Grande Imprimerie (p. 267-280).


VII


Par un revirement assez compréhensible, Mme Raimbaut accomplissait cette nuit-là un retour vers son enfance, cherchant à s’expliquer le rôle de Renée dans sa vie.

Elle se rappelait cette tendresse résistante, qui éclatait pour elle dans une maladie qu’elle avait eue encore enfant, et dans laquelle Mme de Sérigny luttait d’une façon que le docteur déclarait être la réduction du fameux problème électro-magnétique dans la guérison de certaines souffrances. Renée décomposait l’incendie qui embrasait les méninges ; elle établissait un courant fluidique parti d’elle et allant à Sabine qui opposait sa ténacité aux engouements nerveux déchaînés. Vers le vingt-et-unième jour, la fièvre entrait dans une période descendante. Sous la lourdeur des paupières la perception des objets commençait à hanter l’entendement, les nuances zézayaient dans la chambre aux volets clos, tandis que les pensées revenaient légères, insistantes, piquer des feux dans l’atonie qui embrumait le cerveau de ses vapeurs. Soudain elles lançaient leur coup de clarté comme une rampe de théâtre, et Sabine roulait d’un seul jet dans la convalescence avec la même facilité que dans la fièvre. Aussi, quelques heures après cette reprise de ses facultés, elle demandait gaiement à Renée : — Existe-t-il, par hasard, dans la grammaire un prétérit à l’usage des trépassés qui ont à parler d’eux ?

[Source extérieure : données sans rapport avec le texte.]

lemma interval_stage_iso:
  assumes "i < length xs"
  shows "order_iso
    (interval (filters (stage P0 i) (stage_rel P0 le xs i)) filt_le
      (cut_bottom (stage P0 i) (label_le le xs) (Inr (Suc i)))
      (cut_top (stage P0 i) (label_le le xs) (Inr (Suc i)))) filt_le
    (filters (incomp_sub (P0 \<union> set (take (Suc i) xs)) le (xs ! i)) le) filt_le"
proof -
  let ?y = "Inr (Suc i)"
  let ?A = "insert ?y (stage P0 i)"
  have image: "label xs ` ?A = P0 \<union> set (take (Suc i) xs)"
    using label_image_stage[of "Suc i"] assms by (simp add: stage_Suc)
  have inj: "inj_on (label xs) ?A"
    using inj_on_label_stage[of "Suc i"] assms by (simp add: stage_Suc)
  have label_y: "label xs ?y = xs ! i"
    by (simp add: label_def)
  have "order_iso
      (interval (filters (stage P0 i) (stage_rel P0 le xs i)) filt_le
        (cut_bottom (stage P0 i) (label_le le xs) ?y) (cut_top (stage P0 i) (label_le le xs) ?y)) filt_le
      (filters (incomp_sub ?A (label_le le xs) ?y) (label_le le xs)) filt_le"
    using interval_cut_iso[OF poset_on_insert_stage[OF assms] Inr_Suc_notin_stage]
      filters_stage_rel assms by simp
  moreover have "order_iso (filters (incomp_sub ?A (label_le le xs) ?y) (label_le le xs)) filt_le
      (filters (incomp_sub (P0 \<union> set (take (Suc i) xs)) le (xs ! i)) le) filt_le"
    using filters_incomp_sub_inv_image_iso[OF inj, of le ?y] unfolding label_le_def image label_y .
  ultimately show ?thesis
    by (rule order_iso_trans)
qed

lemma filters_stage_iso:
  "order_iso (filters (stage P0 (length xs)) (stage_rel P0 le xs (length xs))) filt_le (filters P le) filt_le"
proof -
  have "bij_betw (label xs) (stage P0 (length xs)) P"
    using inj_on_label_stage[of "length xs"] label_image_stage[of "length xs"] P_eq
    by (simp add: bij_betw_def)
  then have "order_iso (filters (stage P0 (length xs)) (label_le le xs)) filt_le (filters P le) filt_le"
    by (rule order_iso_filters) (simp add: label_le_def)
  then show ?thesis
    using filters_stage_rel[of "length xs"] by simp
qed
lemma expr_apply_closed:
  fixes G (structure)
  assumes "group G" "\<alpha> \<in> formal_exprs G" "g \<in> carrier G"
  shows "expr_apply G \<alpha> g \<in> carrier G"
proof -
  interpret group G by fact
  show ?thesis
    using assms(2)
  proof (induction \<alpha>)
    case Nil
    then show ?case by simp
  next
    case (Cons a xs)
    obtain n \<phi> where a: "a = (n, \<phi>)" by fastforce
    with Cons have "\<phi> \<in> hom G G" "xs \<in> formal_exprs G" by simp_all
    with Cons.IH a assms(3) show ?case by (simp add: hom_in_carrier)
  qed
qed

lemma expr_apply_one:
  fixes G (structure)
  assumes "group G" "\<alpha> \<in> formal_exprs G"
  shows "expr_apply G \<alpha> \<one> = \<one>"
proof -
  interpret group G by fact
  show ?thesis
    using assms(2)
  proof (induction \<alpha>)
    case Nil
    then show ?case by simp
  next
    case (Cons a xs)
    obtain n \<phi> where a: "a = (n, \<phi>)" by fastforce
    with Cons have "\<phi> \<in> hom G G" "xs \<in> formal_exprs G" by simp_all
    with Cons.IH a assms(1) show ?case by (simp add: hom_one)
  qed
qed

lemma hom_expr_apply:
  fixes G (structure)
  assumes "group G" "group Q" "F \<in> hom G Q"
    and "\<And>x y. x \<in> carrier G \<Longrightarrow> y \<in> carrier G \<Longrightarrow> F x \<otimes>\<^bsub>Q\<^esub> F y = F y \<otimes>\<^bsub>Q\<^esub> F x"
    and "\<alpha> \<in> formal_exprs G"
  shows "(\<lambda>x. F (expr_apply G \<alpha> x)) \<in> hom G Q"
  using assms(5)
proof (induction \<alpha>)
  case Nil
  have "F \<one> = \<one>\<^bsub>Q\<^esub>" using assms(3,1,2) by (rule hom_one)
  then show ?case
    using assms(2) by (intro homI) (simp_all add: group.is_monoid)
next
  case (Cons a xs)
  interpret G: group G by fact
  interpret Q: group Q by fact
  obtain n \<phi> where a: "a = (n, \<phi>)" by fastforce
  have \<phi>: "\<phi> \<in> hom G G" and xs: "xs \<in> formal_exprs G" using Cons.prems a by auto
  have F\<phi>: "F \<circ> \<phi> \<in> hom G Q" using \<phi> assms(3) by (rule hom_compose)
  have F\<phi>_pow: "F (\<phi> (x [^] n)) = F (\<phi> x) [^]\<^bsub>Q\<^esub> n" if "x \<in> carrier G" for x
    using hom_int_pow[OF F\<phi> that assms(1,2)] by simp
  have "(\<lambda>x. F (\<phi> x) [^]\<^bsub>Q\<^esub> n) \<in> hom G Q"
    using hom_pointwise_int_pow[OF assms(2) F\<phi>] assms(4) \<phi> by (simp add: hom_in_carrier)
  moreover have "F (\<phi> x) [^]\<^bsub>Q\<^esub> n \<otimes>\<^bsub>Q\<^esub> F (expr_apply G xs y)
                   = F (expr_apply G xs y) \<otimes>\<^bsub>Q\<^esub> F (\<phi> x) [^]\<^bsub>Q\<^esub> n"
    if "x \<in> carrier G" "y \<in> carrier G" for x y
    using assms(4)[of "\<phi> (x [^] n)" "expr_apply G xs y"] F\<phi>_pow[OF that(1)] \<phi> that
      expr_apply_closed[OF assms(1) xs]
    by (simp add: hom_in_carrier)
  ultimately have "(\<lambda>x. F (\<phi> x) [^]\<^bsub>Q\<^esub> n \<otimes>\<^bsub>Q\<^esub> F (expr_apply G xs x)) \<in> hom G Q"
    using Cons.IH[OF xs] by (intro hom_pointwise_mult[OF assms(2)])
  then show ?case
  proof (rule G.hom_restrict)
    fix x assume x: "x \<in> carrier G"
    have "F (expr_apply G (a # xs) x) = F (\<phi> (x [^] n) \<otimes> expr_apply G xs x)"
      by (simp add: a)
    also have "\<dots> = F (\<phi> (x [^] n)) \<otimes>\<^bsub>Q\<^esub> F (expr_apply G xs x)"
      using \<phi> x expr_apply_closed[OF assms(1) xs x]
      by (intro hom_mult[OF assms(3)]) (auto intro: hom_in_carrier)
    finally show "F (\<phi> x) [^]\<^bsub>Q\<^esub> n \<otimes>\<^bsub>Q\<^esub> F (expr_apply G xs x) = F (expr_apply G (a # xs) x)"
      using F\<phi>_pow[OF x] by simp
  qed
qed

lemma hom_expr_apply_conj_mod_center:
  fixes G (structure)
  assumes "group G" "\<psi> \<in> hom G G" "\<psi> ` derived G (carrier G) \<subseteq> group_center G"
    and "\<alpha> \<in> formal_exprs G" "g \<in> carrier G" "p \<in> carrier G" "h \<in> carrier G"
  shows "\<psi> (expr_apply G \<alpha> (g \<otimes> p \<otimes> h \<otimes> inv p))
           \<in> group_center G #> (\<psi> (expr_apply G \<alpha> g) \<otimes> \<psi> (expr_apply G \<alpha> h))"
proof -
  interpret group G by fact
  let ?Z = "group_center G"
  interpret Z: normal ?Z G using group_center_normal[OF assms(1)] .
  let ?Q = "G Mod ?Z"
  have Q: "group ?Q" by (rule Z.factorgroup_is_group)
  define F where "F = (\<lambda>x. ?Z #> \<psi> x)"
  have F: "F \<in> hom G ?Q"
    using Group.hom_compose[OF assms(2) Z.r_coset_hom_Mod] by (simp add: F_def comp_def)
  have F_commute: "F x \<otimes>\<^bsub>?Q\<^esub> F y = F y \<otimes>\<^bsub>?Q\<^esub> F x" if "x \<in> carrier G" "y \<in> carrier G" for x y
    unfolding F_def using hom_rcos_commute[OF assms(1) Z.normal_axioms assms(2,3) that] .
  define A where "A = (\<lambda>x. F (expr_apply G \<alpha> x))"
  have A: "A \<in> hom G ?Q"
    unfolding A_def using hom_expr_apply[OF assms(1) Q F F_commute assms(4)] .
  have A_commute: "A x \<otimes>\<^bsub>?Q\<^esub> A y = A y \<otimes>\<^bsub>?Q\<^esub> A x" if "x \<in> carrier G" "y \<in> carrier G" for x y
    unfolding A_def using F_commute expr_apply_closed[OF assms(1,4)] that by simp
  have "A (g \<otimes> p \<otimes> h \<otimes> inv p) = A g \<otimes>\<^bsub>?Q\<^esub> A h"
    using hom_conj_eq_of_commuting_image[OF assms(1) Q A A_commute assms(5-7)] .
  moreover have closed: "\<psi> (expr_apply G \<alpha> x) \<in> carrier G" if "x \<in> carrier G" for x
    using that by (intro hom_in_carrier[OF assms(2)] expr_apply_closed[OF assms(1,4)])
  ultimately have "?Z #> \<psi> (expr_apply G \<alpha> (g \<otimes> p \<otimes> h \<otimes> inv p))
               = ?Z #> (\<psi> (expr_apply G \<alpha> g) \<otimes> \<psi> (expr_apply G \<alpha> h))"
    using assms(5-7) by (simp add: A_def F_def FactGroup_def Z.rcos_sum)
  moreover have "g \<otimes> p \<otimes> h \<otimes> inv p \<in> carrier G" using assms(5-7) by simp
  ultimately show ?thesis
    using rcos_self[OF closed Z.subgroup_axioms] by metis
qed
(* For $p\in(0,1]$ define on $(0,1)$ $$w(x)=x^{p}+p(p-1)x-(p^{2}+2p-2)-p(p+1)x^{1-p}+(p-1)^{2}x^{-p}.$$ Then: (i) if $p\in(0,2/3]$, $w(x)>0$ for all $x\in(0,1)$; (ii) if $p\in(2/3,1)$, there is a unique $x_1\in(0,1)$ such that $w>0$ on $(0,x_1)$ and $w<0$ on $(x_1,1)$; (iii) if $p=1$, $w(x)<0$ for all $x\in(0,1)$. *)

theory Defs
  imports Complex_Main
begin

definition w :: "real \<Rightarrow> real \<Rightarrow> real" where
  "w p x = x powr p + p * (p - 1) * x - (p^2 + 2*p - 2) - p * (p + 1) * x powr (1 - p)
           + (p - 1)^2 * x powr (-p)"

end

theory Submission
  imports Defs "HOL-Analysis.Convex"
begin

(* Differentiating gives w'(x) = p x^(p-1) k(x) with
     k(x) = 1 - (1-p) x^(1-p) - (1-p^2) x^(1-2p) - (1-p)^2 x^(-2p),
   so the sign of w' on (0,1) is the sign of k.  Moreover
     k'(x) = (1-p) x^(-2p-1) g(x),  g(x) = -(1-p) x^(p+1) + (1+p)(2p-1) x + 2p(1-p),
   and g > 0 on (0,1] when 1/2 < p < 1, so k is strictly increasing there; for
   p <= 1/2 a Young-inequality estimate gives k < 0 on (0,1] directly.  With
   k(1) = 3p - 2 and w(1) = 4 - 6p this yields:
   (i)  p <= 2/3: k < 0 on (0,1), so w decreases to w(1) >= 0;
   (ii) 2/3 < p < 1: k has a unique zero c, w decreases on (0,c] and increases
        on [c,1] with w(1) < 0; since w is large near 0, w has a unique zero
        x1 < c, positive before and negative after it;
   (iii) p = 1: w(x) = x - 3.
   The file first establishes the derivative formulas, then the monotonicity of
   w and k, the sign information on k, and finally the three cases. *)

text \<open>The factor of the derivative of w which determines its sign.\<close>
definition k :: "real \<Rightarrow> real \<Rightarrow> real" where
  "k p x = 1 - (1-p) * x powr (1-p) - (1-p^2) * x powr (1-2*p) - (1-p)^2 * x powr (-2*p)"

text \<open>The factor of the derivative of k which determines its sign.\<close>
definition g :: "real \<Rightarrow> real \<Rightarrow> real" where
  "g p x = -(1-p) * x powr (p+1) + (1+p) * (2*p-1) * x + 2*p*(1-p)"

lemma w_deriv:
  assumes "0 < x"
  shows "DERIV (w p) x :> p * x powr (p-1) * k p x"
proof -
  have d: "DERIV (w p) x :> p * x powr (p-1) + p*(p-1) - p*(p+1)*((1-p)*x powr (1-p-1))
                            + (p-1)^2*((-p)*x powr (-p-1))"
    unfolding w_def[abs_def] using assms by (auto intro!: derivative_eq_intros)
  have e1: "x powr (p-1) * x powr (1-p) = 1"
    and e2: "x powr (p-1) * x powr (1-2*p) = x powr (-p)"
    and e3: "x powr (p-1) * x powr (-2*p) = x powr (-p-1)"
    using assms by (simp_all add: powr_add[symmetric])
  have "p * x powr (p-1) * k p x = p * x powr (p-1) - p*(1-p)*(x powr (p-1) * x powr (1-p))
      - p*(1-p^2)*(x powr (p-1) * x powr (1-2*p)) - p*(1-p)^2*(x powr (p-1) * x powr (-2*p))"
    unfolding k_def by (simp add: algebra_simps)
  also have "\<dots> = p * x powr (p-1) + p*(p-1) - p*(p+1)*((1-p)*x powr (1-p-1))
                  + (p-1)^2*((-p)*x powr (-p-1))"
    unfolding e1 e2 e3 by (simp add: algebra_simps power2_eq_square)
  finally show ?thesis using d by simp
qed

lemma k_deriv:
  assumes "0 < x"
  shows "DERIV (k p) x :> (1-p) * x powr (-2*p-1) * g p x"
proof -
  have d: "DERIV (k p) x :> - (1-p)*((1-p)*x powr (1-p-1)) - (1-p^2)*((1-2*p)*x powr (1-2*p-1))
                            - (1-p)^2*((-2*p)*x powr (-2*p-1))"
    unfolding k_def[abs_def] using assms
    by (auto intro!: derivative_eq_intros simp: algebra_simps)
  have e1: "x powr (-2*p-1) * x powr (p+1) = x powr (-p)"
    using assms by (simp add: powr_add[symmetric])
  have e2: "x powr (-2*p-1) * x = x powr (-2*p)"
    using assms powr_add[of x "-2*p-1" 1] by simp
  have "(1-p) * x powr (-2*p-1) * g p x
     = (p-1)*(1-p)*(x powr (-2*p-1) * x powr (p+1)) + (1-p)*(1+p)*(2*p-1)*(x powr (-2*p-1) * x)
       + 2*p*(1-p)^2*x powr (-2*p-1)"
    unfolding g_def by (simp add: algebra_simps power2_eq_square)
  also have "\<dots> = - (1-p)*((1-p)*x powr (1-p-1)) - (1-p^2)*((1-2*p)*x powr (1-2*p-1))
                  - (1-p)^2*((-2*p)*x powr (-2*p-1))"
    unfolding e1 e2 by (simp add: algebra_simps power2_eq_square)
  finally show ?thesis using d by simp
qed

lemma w_continuous_on: "0 < a \<Longrightarrow> continuous_on {a..b} (w p)"
  by (intro continuous_at_imp_continuous_on ballI DERIV_isCont[OF w_deriv]) auto

lemma k_continuous_on: "0 < a \<Longrightarrow> continuous_on {a..b} (k p)"
  by (intro continuous_at_imp_continuous_on ballI DERIV_isCont[OF k_deriv]) auto

lemma w_decreasing_where_k_negative:
  assumes "0 < a" "a < b" "0 < p" "\<And>x. a < x \<Longrightarrow> x < b \<Longrightarrow> k p x < 0"
  shows "w p b < w p a"
proof (rule DERIV_neg_imp_decreasing_open[OF assms(2) _ w_continuous_on[OF assms(1)]])
  fix x assume x: "a < x" "x < b"
  then have "p * x powr (p-1) * k p x < 0" using assms by (intro mult_pos_neg) auto
  with w_deriv[of x p] x assms(1) show "\<exists>y. DERIV (w p) x :> y \<and> y < 0" by auto
qed

lemma w_increasing_where_k_positive:
  assumes "0 < a" "a < b" "0 < p" "\<And>x. a < x \<Longrightarrow> x < b \<Longrightarrow> k p x > 0"
  shows "w p a < w p b"
proof (rule DERIV_pos_imp_increasing_open[OF assms(2) _ w_continuous_on[OF assms(1)]])
  fix x assume x: "a < x" "x < b"
  then have "p * x powr (p-1) * k p x > 0" using assms by (intro mult_pos_pos) auto
  with w_deriv[of x p] x assms(1) show "\<exists>y. DERIV (w p) x :> y \<and> y > 0" by auto
qed

lemma k_at_one: "k p 1 = 3*p - 2"
  unfolding k_def by (simp add: algebra_simps power2_eq_square)

lemma w_at_one: "w p 1 = 4 - 6*p"
  unfolding w_def by (simp add: algebra_simps power2_eq_square)

text \<open>For 1/2 < p < 1 the factor g is positive on (0,1]: use x^(p+1) <= x and
  split the remainder as x(4p-2) + (1-x)(2p-2p^2).\<close>
lemma g_positive:
  assumes "1/2 < p" "p < 1" "0 < x" "x \<le> 1"
  shows "g p x > 0"
proof -
  have "x powr (p+1) = x powr p * x" using assms powr_add[of x p 1] by simp
  also have "\<dots> \<le> x" using assms mult_right_mono[of "x powr p" 1 x] powr_le1[of p x] by auto
  finally have "(1-p) * x powr (p+1) \<le> (1-p) * x" using assms by (intro mult_left_mono) auto
  moreover have "(1+p)*(2*p-1)*x - (1-p)*x + 2*p*(1-p) = x*(4*p-2) + (1-x)*(2*p-2*p^2)"
    by (simp add: algebra_simps power2_eq_square)
  moreover have "x*(4*p-2) > 0" using assms by auto
  moreover have "(1-x)*(2*p-2*p^2) \<ge> 0"
    using assms by (intro mult_nonneg_nonneg) (auto simp: power2_eq_square)
  ultimately show ?thesis unfolding g_def by linarith
qed

lemma k_strictly_increasing:
  assumes "1/2 < p" "p < 1" "0 < a" "a < b" "b \<le> 1"
  shows "k p a < k p b"
proof (rule DERIV_pos_imp_increasing[OF assms(4)])
  fix x assume "a \<le> x" "x \<le> b"
  then have x: "0 < x" "x \<le> 1" using assms by auto
  have "(1-p) * x powr (-2*p-1) * g p x > 0"
    using g_positive[OF assms(1,2) x] assms x by (intro mult_pos_pos) auto
  then show "\<exists>y. DERIV (k p) x :> y \<and> y > 0" using k_deriv x by blast
qed

text \<open>For p <= 1/2, Young's inequality x^(2p) <= 2p x + (1-2p) shows x^(2p) k(x) < 0.\<close>
lemma k_negative_small_p:
  assumes "0 < p" "p \<le> 1/2" "0 < x" "x \<le> 1"
  shows "k p x < 0"
proof -
  have e1: "x powr (2*p) * x powr (1-p) = x powr (p+1)"
    and e2: "x powr (2*p) * x powr (1-2*p) = x"
    and e3: "x powr (2*p) * x powr (-2*p) = 1"
    using assms by (simp_all add: powr_add[symmetric])
  have "x powr (2*p) * k p x = x powr (2*p) - (1-p)*(x powr (2*p) * x powr (1-p))
       - (1-p^2)*(x powr (2*p) * x powr (1-2*p)) - (1-p)^2*(x powr (2*p) * x powr (-2*p))"
    unfolding k_def by (simp add: algebra_simps)
  then have scaled: "x powr (2*p) * k p x = x powr (2*p) - (1-p)*x powr (p+1) - (1-p^2)*x - (1-p)^2"
    unfolding e1 e2 e3 by simp
  have young: "x powr (2*p) \<le> 2*p*x + (1-2*p)"
    using Youngs_inequality_0[of "2*p" "1-2*p" x 1] assms by simp
  have "2*p*x + (1-2*p) - (1-p^2)*x - (1-p)^2 = -(1-x)*p^2 + x*(2*p-1)"
    by (simp add: algebra_simps power2_eq_square)
  moreover have "(1-x)*p^2 \<ge> 0" "x*(2*p-1) \<le> 0" "(1-p)*x powr (p+1) > 0"
    using assms by (auto intro: mult_nonneg_nonpos)
  ultimately have "x powr (2*p) * k p x < 0" using scaled young by linarith
  then show ?thesis using assms by (simp add: mult_less_0_iff)
qed

text \<open>Near 0 the term -(1-p)^2 x^(-2p) dominates k: k(x) < 0 once x^(2p) < (1-p)^2.\<close>
lemma k_negative_near_zero:
  assumes "0 < p" "p < 1" "0 < x" "x powr (2*p) < (1-p)^2"
  shows "k p x < 0"
proof -
  have "(1-p)^2 * x powr (-2*p) = (1-p)^2 / x powr (2*p)"
    using assms by (simp add: powr_minus divide_inverse)
  also have "\<dots> > 1" using assms by simp
  finally have "(1-p)^2 * x powr (-2*p) > 1" .
  moreover have "(1-p) * x powr (1-p) \<ge> 0" "(1-p^2) * x powr (1-2*p) \<ge> 0"
    using assms power_le_one[of p 2] by auto
  ultimately show ?thesis unfolding k_def by linarith
qed

lemma k_unique_zero:
  assumes "2/3 < p" "p < 1"
  obtains c where "0 < c" "c < 1"
    "\<And>x. 0 < x \<Longrightarrow> x < c \<Longrightarrow> k p x < 0" "\<And>x. c < x \<Longrightarrow> x \<le> 1 \<Longrightarrow> k p x > 0"
proof -
  define x0 where "x0 = ((1-p)/2) powr (1/p)"
  have x0: "0 < x0" "x0 < 1"
    unfolding x0_def using assms powr_less_mono2[of "1/p" "(1-p)/2" 1] by auto
  have "x0 powr (2*p) = ((1-p)/2)^2"
    unfolding x0_def using assms by (simp add: powr_powr powr_numeral)
  also have "\<dots> < (1-p)^2" using assms by (simp add: power_divide)
  finally have "k p x0 < 0" using k_negative_near_zero assms x0 by auto
  then obtain c where c: "x0 \<le> c" "c \<le> 1" "k p c = 0"
    using IVT'[of "k p" x0 0 1] k_at_one[of p] assms x0 k_continuous_on[OF x0(1)] by auto
  have "0 < c" "c < 1" using c k_at_one[of p] assms x0 by (auto simp: le_less)
  moreover have "k p x < 0" if "0 < x" "x < c" for x
    using k_strictly_increasing[of p x c] c \<open>c < 1\<close> that assms by auto
  moreover have "k p x > 0" if "c < x" "x \<le> 1" for x
    using k_strictly_increasing[of p c x] c \<open>0 < c\<close> that assms by auto
  ultimately show ?thesis using that by blast
qed

text \<open>Near 0 the term (1-p)^2 x^(-p) dominates w: w(y) > 0 once y^p <= (1-p)^2/4.\<close>
lemma w_positive_near_zero:
  assumes "0 < p" "p < 1" "0 < y" "y < 1" "y powr p \<le> (1-p)^2 / 4"
  shows "w p y > 0"
proof -
  have "(p-1)^2 * y powr (-p) = (1-p)^2 / y powr p"
    by (simp add: powr_minus_divide power2_commute)
  also have "\<dots> \<ge> (1-p)^2 / ((1-p)^2 / 4)"
    using assms by (intro divide_left_mono) auto
  also have "(1-p)^2 / ((1-p)^2 / 4) = 4" using assms by simp
  finally have big: "(p-1)^2 * y powr (-p) \<ge> 4" .
  have "p*(p-1)*y \<ge> p*(p-1)"
    using assms mult_left_mono_neg[of y 1 "p*(p-1)"] by (simp add: mult_nonneg_nonpos)
  moreover have "p*(p+1) * y powr (1-p) \<le> p*(p+1)"
    using assms powr_le1[of "1-p" y] by (simp add: mult_left_le)
  moreover have "y powr p > 0" using assms by simp
  moreover have "p*(p-1) - (p^2 + 2*p - 2) - p*(p+1) = 2 - 4*p - p^2"
    by (simp add: algebra_simps power2_eq_square)
  moreover have "p^2 < 1" using assms power_strict_mono[of p 1 2] by simp
  ultimately show ?thesis unfolding w_def using big assms by linarith
qed

lemma w_positive_below:
  assumes "0 < p" "p < 1" "0 < c" "c \<le> 1"
  obtains y where "0 < y" "y < c" "w p y > 0"
proof -
  define y where "y = min (c/2) (((1-p)^2/4) powr (1/p))"
  have y: "0 < y" "y < c" using assms unfolding y_def by auto
  have "y powr p \<le> (((1-p)^2/4) powr (1/p)) powr p"
    using y assms unfolding y_def by (intro powr_mono2) auto
  then have "w p y > 0" using w_positive_near_zero[of p y] y assms by (simp add: powr_powr)
  with y that show ?thesis by blast
qed

lemma sign_change_point_unique:
  fixes f :: "real \<Rightarrow> real"
  assumes "\<And>x. a < x \<Longrightarrow> x < s \<Longrightarrow> f x > 0" "\<And>x. s < x \<Longrightarrow> x < b \<Longrightarrow> f x < 0"
    and "\<And>x. a < x \<Longrightarrow> x < t \<Longrightarrow> f x > 0" "\<And>x. t < x \<Longrightarrow> x < b \<Longrightarrow> f x < 0"
    and "a < s" "s < b" "a < t" "t < b"
  shows "s = t"
proof (rule ccontr)
  assume "s \<noteq> t"
  then have "f ((s+t)/2) > 0 \<and> f ((s+t)/2) < 0"
    using assms by (cases "s < t") (auto simp: not_less)
  then show False by linarith
qed

text \<open>Case (i): for p <= 2/3, k < 0 on (0,1), so w decreases to w(1) = 4 - 6p >= 0.\<close>
theorem w_positive_small_p:
  assumes "0 < p" "p \<le> 2/3" "0 < x" "x < 1"
  shows "w p x > 0"
proof -
  have "k p y < 0" if "x < y" "y < 1" for y
  proof (cases "p \<le> 1/2")
    case True then show ?thesis using k_negative_small_p[of p y] assms that by auto
  next
    case False then show ?thesis
      using k_strictly_increasing[of p y 1] k_at_one[of p] assms that by auto
  qed
  then have "w p 1 < w p x" using w_decreasing_where_k_negative assms by blast
  then show ?thesis using w_at_one[of p] assms by auto
qed

text \<open>Case (ii): for 2/3 < p < 1, w falls from positive values to w(c) < 0 on (0,c]
  and increases to w(1) < 0 afterwards, so it changes sign exactly once.\<close>
theorem w_single_sign_change:
  assumes p: "2/3 < p" "p < 1"
  shows "\<exists>!x1. 0 < x1 \<and> x1 < 1 \<and> (\<forall>x. 0 < x \<and> x < x1 \<longrightarrow> w p x > 0)
                \<and> (\<forall>x. x1 < x \<and> x < 1 \<longrightarrow> w p x < 0)"
proof -
  obtain c where c: "0 < c" "c < 1"
    and k_neg: "\<And>x. 0 < x \<Longrightarrow> x < c \<Longrightarrow> k p x < 0"
    and k_pos: "\<And>x. c < x \<Longrightarrow> x \<le> 1 \<Longrightarrow> k p x > 0"
    using k_unique_zero[OF p] by blast
  have w_c: "w p c < 0"
    using w_increasing_where_k_positive[of c 1 p] k_pos c p w_at_one[of p] by auto
  obtain y where y: "0 < y" "y < c" "w p y > 0"
    using w_positive_below[of p c] p c by auto
  then obtain x1 where "y \<le> x1" "x1 \<le> c" "w p x1 = 0"
    using IVT2'[of "w p" c 0 y] w_c y w_continuous_on[OF y(1)] by auto
  with y w_c have x1: "y < x1" "x1 < c" "w p x1 = 0"
    by (auto simp: le_less)
  have before: "w p x > 0" if "0 < x" "x < x1" for x
    using w_decreasing_where_k_negative[of x x1 p] k_neg x1 p that by auto
  have after: "w p x < 0" if "x1 < x" "x < 1" for x
  proof (cases "x \<le> c")
    case True then show ?thesis
      using w_decreasing_where_k_negative[of x1 x p] k_neg x1 y p that by auto
  next
    case False then show ?thesis
      using w_increasing_where_k_positive[of x 1 p] k_pos w_at_one[of p] p c that by auto
  qed
  have x1_bounds: "0 < x1" "x1 < 1" using x1 y c by auto
  show ?thesis
  proof (rule ex1I[of _ x1])
    fix z
    assume "0 < z \<and> z < 1 \<and> (\<forall>x. 0 < x \<and> x < z \<longrightarrow> w p x > 0)
              \<and> (\<forall>x. z < x \<and> x < 1 \<longrightarrow> w p x < 0)"
    then show "z = x1"
      using sign_change_point_unique[of 0 z "w p" 1 x1] before after x1_bounds by blast
  qed (use before after x1_bounds in blast)
qed

lemma w_at_p_one: "0 < x \<Longrightarrow> w 1 x = x - 3"
  unfolding w_def by simp

theorem mainTheorem8:
  shows "(\<forall>p::real. 0 < p \<and> p \<le> 2/3 \<longrightarrow> (\<forall>x. 0 < x \<and> x < 1 \<longrightarrow> w p x > 0))
       \<and> (\<forall>p::real. 2/3 < p \<and> p < 1 \<longrightarrow>
            (\<exists>!x1. 0 < x1 \<and> x1 < 1 \<and>
                 (\<forall>x. 0 < x \<and> x < x1 \<longrightarrow> w p x > 0) \<and>
                 (\<forall>x. x1 < x \<and> x < 1 \<longrightarrow> w p x < 0)))
       \<and> (\<forall>x::real. 0 < x \<and> x < 1 \<longrightarrow> w 1 x < 0)"
  using w_positive_small_p w_single_sign_change w_at_p_one by auto

end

Ce n’était plus la petite Sabine, mais une grande et frêle jeune fille laissant percer le bout du ressort d’acier de son organisation ; maintenant les phalanges de ses doigts vous broyaient la main en vous la serrant résolûment, et, lorsqu’elle entreprit le tour du jardin, appuyée au bras de cette vaillante amie, un nœud indissoluble les enchaînait l’une et l’autre.

Mme de Sérigny se retrouvait vraiment mère, en proie à des cramponnements d’entrailles près de cette enfant qui lui devait de vivre à nouveau. Il lui semblait que sa fille adoptive lui tenait par des liens charnels.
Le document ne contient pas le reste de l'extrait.